* [Task details] Using the records below, filter for lines that contain the string "obtain" and copy them out.

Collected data
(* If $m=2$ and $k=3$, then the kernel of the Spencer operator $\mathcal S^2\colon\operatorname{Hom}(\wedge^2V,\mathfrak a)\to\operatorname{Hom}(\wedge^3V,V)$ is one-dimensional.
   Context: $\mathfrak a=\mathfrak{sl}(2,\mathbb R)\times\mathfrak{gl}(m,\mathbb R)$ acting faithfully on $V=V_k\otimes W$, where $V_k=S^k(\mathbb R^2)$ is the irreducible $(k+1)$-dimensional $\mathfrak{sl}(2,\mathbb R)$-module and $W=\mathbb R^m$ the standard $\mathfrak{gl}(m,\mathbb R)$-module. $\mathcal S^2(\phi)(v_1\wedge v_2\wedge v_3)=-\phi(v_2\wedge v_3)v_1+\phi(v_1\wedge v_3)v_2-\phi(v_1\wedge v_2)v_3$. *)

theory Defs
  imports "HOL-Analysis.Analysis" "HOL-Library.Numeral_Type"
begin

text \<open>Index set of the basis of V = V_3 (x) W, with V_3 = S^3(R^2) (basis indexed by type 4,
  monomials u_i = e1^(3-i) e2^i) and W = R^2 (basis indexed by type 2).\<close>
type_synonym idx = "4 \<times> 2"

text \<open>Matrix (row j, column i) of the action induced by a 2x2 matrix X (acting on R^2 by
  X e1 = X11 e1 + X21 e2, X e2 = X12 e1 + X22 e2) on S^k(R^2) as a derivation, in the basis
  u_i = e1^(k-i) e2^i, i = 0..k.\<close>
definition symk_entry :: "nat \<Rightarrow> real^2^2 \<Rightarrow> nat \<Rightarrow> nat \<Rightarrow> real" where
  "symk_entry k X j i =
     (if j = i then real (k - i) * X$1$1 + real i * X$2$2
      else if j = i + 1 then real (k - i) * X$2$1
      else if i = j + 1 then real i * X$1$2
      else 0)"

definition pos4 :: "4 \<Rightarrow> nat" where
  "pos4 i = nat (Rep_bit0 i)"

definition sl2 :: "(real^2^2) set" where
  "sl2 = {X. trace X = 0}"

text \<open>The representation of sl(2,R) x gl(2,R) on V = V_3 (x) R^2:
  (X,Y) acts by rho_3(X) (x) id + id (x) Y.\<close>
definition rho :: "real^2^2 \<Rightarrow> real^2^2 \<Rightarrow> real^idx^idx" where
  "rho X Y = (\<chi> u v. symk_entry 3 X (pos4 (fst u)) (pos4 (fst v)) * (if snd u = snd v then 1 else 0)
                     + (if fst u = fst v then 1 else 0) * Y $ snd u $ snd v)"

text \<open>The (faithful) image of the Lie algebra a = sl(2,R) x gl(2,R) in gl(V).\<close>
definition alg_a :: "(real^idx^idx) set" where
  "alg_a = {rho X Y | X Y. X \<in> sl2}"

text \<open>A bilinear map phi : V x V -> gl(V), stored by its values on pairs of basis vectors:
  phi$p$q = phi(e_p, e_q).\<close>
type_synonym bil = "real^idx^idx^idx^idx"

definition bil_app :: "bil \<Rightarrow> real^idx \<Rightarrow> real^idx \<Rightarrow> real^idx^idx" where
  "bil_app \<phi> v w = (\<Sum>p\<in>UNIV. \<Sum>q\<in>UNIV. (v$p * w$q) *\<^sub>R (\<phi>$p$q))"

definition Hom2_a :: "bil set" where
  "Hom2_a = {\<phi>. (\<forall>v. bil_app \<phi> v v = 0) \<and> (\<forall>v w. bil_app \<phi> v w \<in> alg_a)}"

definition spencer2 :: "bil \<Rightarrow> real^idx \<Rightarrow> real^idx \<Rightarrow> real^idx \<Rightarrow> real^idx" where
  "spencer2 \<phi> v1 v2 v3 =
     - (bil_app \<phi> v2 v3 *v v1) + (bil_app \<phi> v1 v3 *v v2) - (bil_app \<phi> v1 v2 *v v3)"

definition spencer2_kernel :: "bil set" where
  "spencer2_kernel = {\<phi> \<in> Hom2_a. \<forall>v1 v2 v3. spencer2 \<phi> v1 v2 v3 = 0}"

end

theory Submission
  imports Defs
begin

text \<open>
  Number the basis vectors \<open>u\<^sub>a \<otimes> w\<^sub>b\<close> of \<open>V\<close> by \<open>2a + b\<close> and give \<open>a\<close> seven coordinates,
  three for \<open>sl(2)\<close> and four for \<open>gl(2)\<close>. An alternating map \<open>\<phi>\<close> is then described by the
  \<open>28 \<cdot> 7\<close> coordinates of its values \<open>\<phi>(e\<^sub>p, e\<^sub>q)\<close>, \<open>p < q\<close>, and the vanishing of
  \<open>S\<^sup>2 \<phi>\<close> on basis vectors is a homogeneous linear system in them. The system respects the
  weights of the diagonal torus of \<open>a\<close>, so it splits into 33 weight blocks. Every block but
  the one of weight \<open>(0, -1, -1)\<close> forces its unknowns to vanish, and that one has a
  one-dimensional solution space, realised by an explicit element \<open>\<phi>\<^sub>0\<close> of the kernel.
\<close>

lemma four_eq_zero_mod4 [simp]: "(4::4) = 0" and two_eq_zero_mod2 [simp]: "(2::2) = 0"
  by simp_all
* * *
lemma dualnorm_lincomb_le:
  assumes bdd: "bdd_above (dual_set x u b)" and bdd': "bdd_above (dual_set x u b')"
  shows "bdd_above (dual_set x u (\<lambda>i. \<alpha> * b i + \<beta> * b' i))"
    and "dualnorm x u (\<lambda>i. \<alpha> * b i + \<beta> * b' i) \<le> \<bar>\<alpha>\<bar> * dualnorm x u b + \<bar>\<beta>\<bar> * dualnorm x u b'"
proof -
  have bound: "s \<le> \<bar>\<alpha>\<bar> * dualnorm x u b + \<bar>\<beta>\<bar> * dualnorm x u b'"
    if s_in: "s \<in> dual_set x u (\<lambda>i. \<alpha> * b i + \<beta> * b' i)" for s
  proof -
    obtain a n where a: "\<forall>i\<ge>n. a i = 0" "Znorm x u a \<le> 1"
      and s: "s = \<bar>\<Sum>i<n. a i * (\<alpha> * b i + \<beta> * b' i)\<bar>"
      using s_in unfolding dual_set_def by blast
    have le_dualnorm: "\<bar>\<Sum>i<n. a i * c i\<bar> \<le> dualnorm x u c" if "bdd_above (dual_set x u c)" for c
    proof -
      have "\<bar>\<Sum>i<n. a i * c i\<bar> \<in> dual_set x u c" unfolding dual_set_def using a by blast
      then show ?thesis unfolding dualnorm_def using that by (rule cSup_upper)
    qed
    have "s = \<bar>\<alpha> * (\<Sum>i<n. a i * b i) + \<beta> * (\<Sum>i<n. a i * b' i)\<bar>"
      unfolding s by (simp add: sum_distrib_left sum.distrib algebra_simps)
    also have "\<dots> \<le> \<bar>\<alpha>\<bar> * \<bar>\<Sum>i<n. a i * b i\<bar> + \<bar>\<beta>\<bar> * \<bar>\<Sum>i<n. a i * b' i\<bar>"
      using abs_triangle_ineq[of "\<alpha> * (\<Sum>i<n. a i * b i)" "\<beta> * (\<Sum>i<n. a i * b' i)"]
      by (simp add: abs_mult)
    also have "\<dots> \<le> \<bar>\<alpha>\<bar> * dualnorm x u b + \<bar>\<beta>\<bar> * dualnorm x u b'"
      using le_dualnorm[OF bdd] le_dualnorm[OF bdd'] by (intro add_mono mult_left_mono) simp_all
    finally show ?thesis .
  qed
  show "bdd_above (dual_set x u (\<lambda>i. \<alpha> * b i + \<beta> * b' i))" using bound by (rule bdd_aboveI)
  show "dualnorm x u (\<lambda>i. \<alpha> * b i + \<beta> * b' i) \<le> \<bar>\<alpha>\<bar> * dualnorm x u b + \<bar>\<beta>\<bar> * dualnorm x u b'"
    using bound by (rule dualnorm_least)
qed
...
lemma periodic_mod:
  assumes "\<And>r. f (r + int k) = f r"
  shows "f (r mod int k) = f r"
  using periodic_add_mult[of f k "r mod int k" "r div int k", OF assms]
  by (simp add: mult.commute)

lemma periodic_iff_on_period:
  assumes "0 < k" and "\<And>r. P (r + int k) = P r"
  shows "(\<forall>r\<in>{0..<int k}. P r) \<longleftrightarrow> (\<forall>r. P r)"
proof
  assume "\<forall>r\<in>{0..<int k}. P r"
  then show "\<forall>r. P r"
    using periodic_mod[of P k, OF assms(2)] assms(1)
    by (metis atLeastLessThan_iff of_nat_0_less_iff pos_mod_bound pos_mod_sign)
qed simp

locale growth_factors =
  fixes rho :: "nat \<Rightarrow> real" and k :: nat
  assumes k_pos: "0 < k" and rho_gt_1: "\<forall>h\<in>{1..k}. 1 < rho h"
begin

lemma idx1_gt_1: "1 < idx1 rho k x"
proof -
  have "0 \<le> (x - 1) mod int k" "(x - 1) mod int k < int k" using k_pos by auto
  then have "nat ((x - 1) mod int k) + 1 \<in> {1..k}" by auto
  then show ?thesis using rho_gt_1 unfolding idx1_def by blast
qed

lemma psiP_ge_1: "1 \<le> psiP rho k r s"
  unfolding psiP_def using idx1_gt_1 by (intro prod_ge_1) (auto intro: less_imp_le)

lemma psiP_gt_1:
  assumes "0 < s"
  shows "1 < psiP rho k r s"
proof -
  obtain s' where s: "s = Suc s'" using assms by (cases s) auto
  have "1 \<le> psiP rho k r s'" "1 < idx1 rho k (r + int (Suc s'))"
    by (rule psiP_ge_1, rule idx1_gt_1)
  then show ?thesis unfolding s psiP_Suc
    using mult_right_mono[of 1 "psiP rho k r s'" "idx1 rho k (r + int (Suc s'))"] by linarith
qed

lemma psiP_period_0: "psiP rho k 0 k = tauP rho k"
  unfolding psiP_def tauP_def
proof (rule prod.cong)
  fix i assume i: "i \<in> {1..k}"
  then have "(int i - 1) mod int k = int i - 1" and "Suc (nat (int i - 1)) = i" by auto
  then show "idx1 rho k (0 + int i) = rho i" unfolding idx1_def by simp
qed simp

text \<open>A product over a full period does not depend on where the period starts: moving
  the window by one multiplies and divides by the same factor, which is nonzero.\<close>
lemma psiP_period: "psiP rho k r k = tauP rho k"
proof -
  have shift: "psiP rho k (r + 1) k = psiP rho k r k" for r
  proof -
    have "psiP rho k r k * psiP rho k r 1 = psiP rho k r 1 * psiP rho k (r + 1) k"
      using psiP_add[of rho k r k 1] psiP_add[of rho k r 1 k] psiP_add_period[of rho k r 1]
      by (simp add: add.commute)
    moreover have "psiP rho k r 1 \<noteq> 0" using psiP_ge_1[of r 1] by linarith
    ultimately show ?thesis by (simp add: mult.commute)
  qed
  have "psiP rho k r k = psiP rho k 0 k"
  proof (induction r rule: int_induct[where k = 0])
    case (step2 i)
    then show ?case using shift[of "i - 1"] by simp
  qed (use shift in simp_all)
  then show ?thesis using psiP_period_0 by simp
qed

* [Exercise answer]
    obtain a n where a: "\<forall>i\<ge>n. a i = 0" "Znorm x u a \<le> 1"
  obtain s' where s: "s = Suc s'" using assms by (cases s) auto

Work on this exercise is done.